Cleta waved Vernie’s intentions aside. “Oh, come and go. Bea has plenty of help today. When I passed the bakery a few minutes ago, several of the Smith men were working in there.” She fished in her drawstring purse for money to pay her bill. “You haven’t got another thing to do and the outing will do you a world of good. I saw this cute tree ornament I want to buy at the drugstore.”
“You can buy ornaments from me.”
“Not this one—it’s a Hallmark.”
Vernie glanced out the front window. Hour by hour the clouds grew lower and thicker. For all the world, it looked like Heavenly Daze had been gripped by what might become one of the worst winters in years. Now a stiff wind whipped bare oak branches outside the mercantile, and Vernie shuddered to think of the bone-chilling walk to the ferry. Captain Stroble had already given notice that if foul weather descended, the ferry could close on a moment’s notice.

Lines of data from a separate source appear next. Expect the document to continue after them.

lemma contains_010_iff: "contains w [0,1,0] \<longleftrightarrow> (\<exists>a b. a < b \<and> subseq [a,b,a] w)"
proof
  assume "contains w [0,1,0]"
  then obtain ys where ys: "subseq ys w" "red ys = [0,1,0]" unfolding contains_def by blast
  then have "length ys = 3" using length_red[of ys] by simp
  then obtain a b c where abc: "ys = [a,b,c]" by (auto simp: numeral_3_eq_3 length_Suc_conv)
  have "a < b" "\<not> a < c" "\<not> c < a"
    using ys(2) abc red_nth_less_iff[of 0 ys 1] red_nth_less_iff[of 0 ys 2]
      red_nth_less_iff[of 2 ys 0] by simp_all
  then show "\<exists>a b. a < b \<and> subseq [a,b,a] w" using ys(1) abc by (metis nat_neq_iff)
next
  assume "\<exists>a b. a < b \<and> subseq [a,b,a] w"
  then obtain a b where "a < b" "subseq [a,b,a] w" by blast
  moreover have "red [a,b,a] = [0,1,0]" using red_two_letters[of "[a,b,a]" a b] \<open>a < b\<close> by auto
  ultimately show "contains w [0,1,0]" unfolding contains_def by blast
qed

lemma contains_001_iff: "contains w [0,0,1] \<longleftrightarrow> (\<exists>a b. a < b \<and> subseq [a,a,b] w)"
proof
  assume "contains w [0,0,1]"
  then obtain ys where ys: "subseq ys w" "red ys = [0,0,1]" unfolding contains_def by blast
  then have "length ys = 3" using length_red[of ys] by simp
  then obtain a b c where abc: "ys = [a,b,c]" by (auto simp: numeral_3_eq_3 length_Suc_conv)
  have "a < c" "\<not> a < b" "\<not> b < a"
    using ys(2) abc red_nth_less_iff[of 0 ys 2] red_nth_less_iff[of 0 ys 1]
      red_nth_less_iff[of 1 ys 0] by simp_all
  then show "\<exists>a b. a < b \<and> subseq [a,a,b] w" using ys(1) abc by (metis nat_neq_iff)
next
  assume "\<exists>a b. a < b \<and> subseq [a,a,b] w"
  then obtain a b where "a < b" "subseq [a,a,b] w" by blast
  moreover have "red [a,a,b] = [0,0,1]" using red_two_letters[of "[a,a,b]" a b] \<open>a < b\<close> by auto
  ultimately show "contains w [0,0,1]" unfolding contains_def by blast
qed
lemma extended_formulation_subset_QP:
  assumes "finite V" "j \<in> V" "Lm \<subseteq> V" "j \<notin> Lm"
  shows "extended_formulation V Lm j \<subseteq> QP V Lm {j}"
proof
  fix z assume "z \<in> extended_formulation V Lm j"
  then obtain a where supp: "supported_on (coords V Lm {j}) z" and feas: "extended_feasible V Lm j z a"
    by (auto simp: extended_formulation_def)
  then have nonneg: "\<forall>J. J \<subseteq> V \<longrightarrow> 0 \<le> ell z a J (V - J)"
    by (simp add: extended_feasible_def)
  let ?\<J> = "{J. J \<subseteq> V \<and> j \<in> J}"
  define \<mu> where "\<mu> J = ell z a (J - {j}) (V - J)" for J
  define y where "y = split_node z a V j"
  define slack where "slack = z (Loop j) - persp_sum V j z a"
  \<comment> \<open>Off \<open>j\<close> the coordinates are 0/1, so lowering each minus loop by \<open>z_i - z_ii \<ge> 0\<close> keeps it below \<open>y_i\<^sup>2\<close>.\<close>
  define w where "w J i = (if i = j then (y J j)\<^sup>2 + slack else y J i - (z (Node i) - z (Loop i)))" for J i
  have fin: "finite ?\<J>"
    using assms(1) by (auto intro: finite_subset[of _ "Pow V"])
  have moments: "zS z a S = (\<Sum>J\<in>?\<J>. \<mu> J * (\<Prod>i\<in>S. y J i))" if "S \<subseteq> V" for S
    unfolding \<mu>_def y_def using zS_eq_sum_split_node[OF assms(1,2) that nonneg] .
  have \<mu>_nonneg: "0 \<le> \<mu> J" if "J \<in> ?\<J>" for J
    using ell_persp_bounds[OF assms(1) nonneg, of J j] that by (auto simp: \<mu>_def)
  have \<mu>_sum: "(\<Sum>J\<in>?\<J>. \<mu> J) = 1"
    using moments[of "{}"] by (simp add: zS_def)
  have generator: "lift_point V (Lm \<union> {j}) (y J) (w J) \<in> QP_generators V Lm {j}" if "J \<in> ?\<J>" for J
  proof (rule lift_point_in_QP_generators)
    have "(y J i)\<^sup>2 = y J i" if "i \<in> Lm" for i
      using that assms(4) by (auto simp: y_def split_node_def)
    then show "\<forall>i\<in>Lm. w J i \<le> (y J i)\<^sup>2"
      using feas assms(4) by (auto simp: w_def extended_feasible_def)
    show "\<forall>i\<in>{j}. (y J i)\<^sup>2 \<le> w J i"
      using feas by (simp add: w_def slack_def extended_feasible_def)
  qed (use assms(2,3) split_node_bounds[OF assms(1) nonneg] that in \<open>auto simp: y_def\<close>)
  have nodes: "z (Node i) = (\<Sum>J\<in>?\<J>. \<mu> J * y J i)" if "i \<in> V" for i
    using moments[of "{i}"] that by (simp add: zS_def)
  have "z = (\<Sum>J\<in>?\<J>. \<mu> J *\<^sub>R lift_point V (Lm \<union> {j}) (y J) (w J))"
  proof (rule supported_eq_sum_lift_point[OF fin supp])
    show "\<forall>i\<in>V. z (Node i) = (\<Sum>J\<in>?\<J>. \<mu> J * y J i)"
      using nodes by blast
    show "\<forall>e\<in>edges_complete V. z (Edge e) = (\<Sum>J\<in>?\<J>. \<mu> J * (\<Prod>i\<in>e. y J i))"
    proof
      fix e assume "e \<in> edges_complete V"
      then have "e \<subseteq> V" "card e = 2" "e \<noteq> {}"
        by (auto simp: edges_complete_def)
      then show "z (Edge e) = (\<Sum>J\<in>?\<J>. \<mu> J * (\<Prod>i\<in>e. y J i))"
        using moments[of e] by (auto simp: zS_def)
    qed
    have "(\<Sum>J\<in>?\<J>. \<mu> J * (y J j)\<^sup>2) = persp_sum V j z a"
      unfolding persp_sum_def
    proof (rule sum.cong[OF refl])
      fix J assume "J \<in> ?\<J>"
      then show "\<mu> J * (y J j)\<^sup>2 = quad_over_lin (ell z a J (V - J)) (ell z a (J - {j}) (V - J))"
        using quad_over_lin_eq_mult_square[OF \<mu>_nonneg] by (simp add: y_def split_node_def \<mu>_def)
    qed
    then have "z (Loop j) = (\<Sum>J\<in>?\<J>. \<mu> J * w J j)"
      by (simp add: w_def slack_def distrib_left sum.distrib sum_distrib_right[symmetric] \<mu>_sum)
    moreover have "z (Loop i) = (\<Sum>J\<in>?\<J>. \<mu> J * w J i)" if "i \<in> Lm" for i
    proof -
      have "i \<noteq> j" "i \<in> V"
        using that assms(3,4) by auto
      then show ?thesis
        by (simp add: w_def right_diff_distrib sum_subtractf sum_distrib_right[symmetric] \<mu>_sum nodes)
    qed
    ultimately show "\<forall>i\<in>Lm \<union> {j}. z (Loop i) = (\<Sum>J\<in>?\<J>. \<mu> J * w J i)"
      by blast
  qed
  also have "\<dots> \<in> convex hull QP_generators V Lm {j}"
    using \<mu>_nonneg generator \<mu>_sum
    by (intro convex_sum[OF fin convex_convex_hull]) (auto intro: hull_inc)
  finally show "z \<in> QP V Lm {j}"
    by (simp add: QP_eq_convex_hull)
qed

theorem corollary3:
  fixes V Lm :: "'a set" and j :: 'a
  assumes "finite V" and "j \<in> V" and "Lm \<subseteq> V" and "j \<notin> Lm"
  shows "QP V Lm {j} =
    {z. supported_on (coords V Lm {j}) z \<and>
        (\<exists>a :: 'a set \<Rightarrow> real.
           ereal (z (Loop j)) \<ge>
             (\<Sum>J\<in>{J. J \<subseteq> V \<and> j \<in> J}. persp (ell z a J (V - J)) (ell z a (J - {j}) (V - J)))
         \<and> (\<forall>J. J \<subseteq> V \<longrightarrow> ell z a J (V - J) \<ge> 0)
         \<and> (\<forall>i\<in>Lm. z (Loop i) \<le> z (Node i) \<and> 0 \<le> z (Node i) \<and> z (Node i) \<le> 1))}"
proof -
  have "QP_generators V Lm {j} \<subseteq> extended_formulation V Lm j"
    using QP_generator_extended_feasible[OF assms(1-3)]
    by (auto simp: extended_formulation_def QP_generators_def)
  then have "QP V Lm {j} \<subseteq> extended_formulation V Lm j"
    unfolding QP_eq_convex_hull
    by (rule hull_minimal) (rule convex_extended_formulation[OF assms(1)])
  moreover have "extended_formulation V Lm j \<subseteq> QP V Lm {j}"
    by (rule extended_formulation_subset_QP[OF assms])
  ultimately have "QP V Lm {j} = extended_formulation V Lm j"
    by (rule subset_antisym)
  then show ?thesis
    unfolding extended_feasible_iff[OF assms(1)] by (simp add: extended_formulation_def)
qed

end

The smiling clerk sacked the order and tied the butcher paper bag with a colorful red ribbon. “Why don’t you go, Vernie? You’ve got a warm coat and mittens. I don’t have a thing to do but put the new stock away. I’m assuming you want these things near the front?”
Vernie nodded absently. “Ayuh—anywhere you think best. You have a knack for arranging things.”
“Thanks.” Elezar shifted his gaze to Cleta. “Once I close up here, I plan to mosey on over to the bakery myself.”
Vernie sighed. It had been weeks since she visited the mainland. And her mood wasn’t exactly A-1 today.
“Oh, come on,” Cleta nudged as Vernie vacillated. “You need to get out, get a little color in your cheeks. We can pick up a few Christmas presents, then eat a bite of lunch. I might even treat us to a movie. Popcorn’s on me. Nicolas Cage has a new movie out.”
Vernie wasn’t in the mood for shopping, popcorn, or a movie, but Cleta was right, she could use a break. Monotony had begun to set in and the worst of winter was yet to come. She glanced at Elezar, who smiled and nodded. “Are you sure?”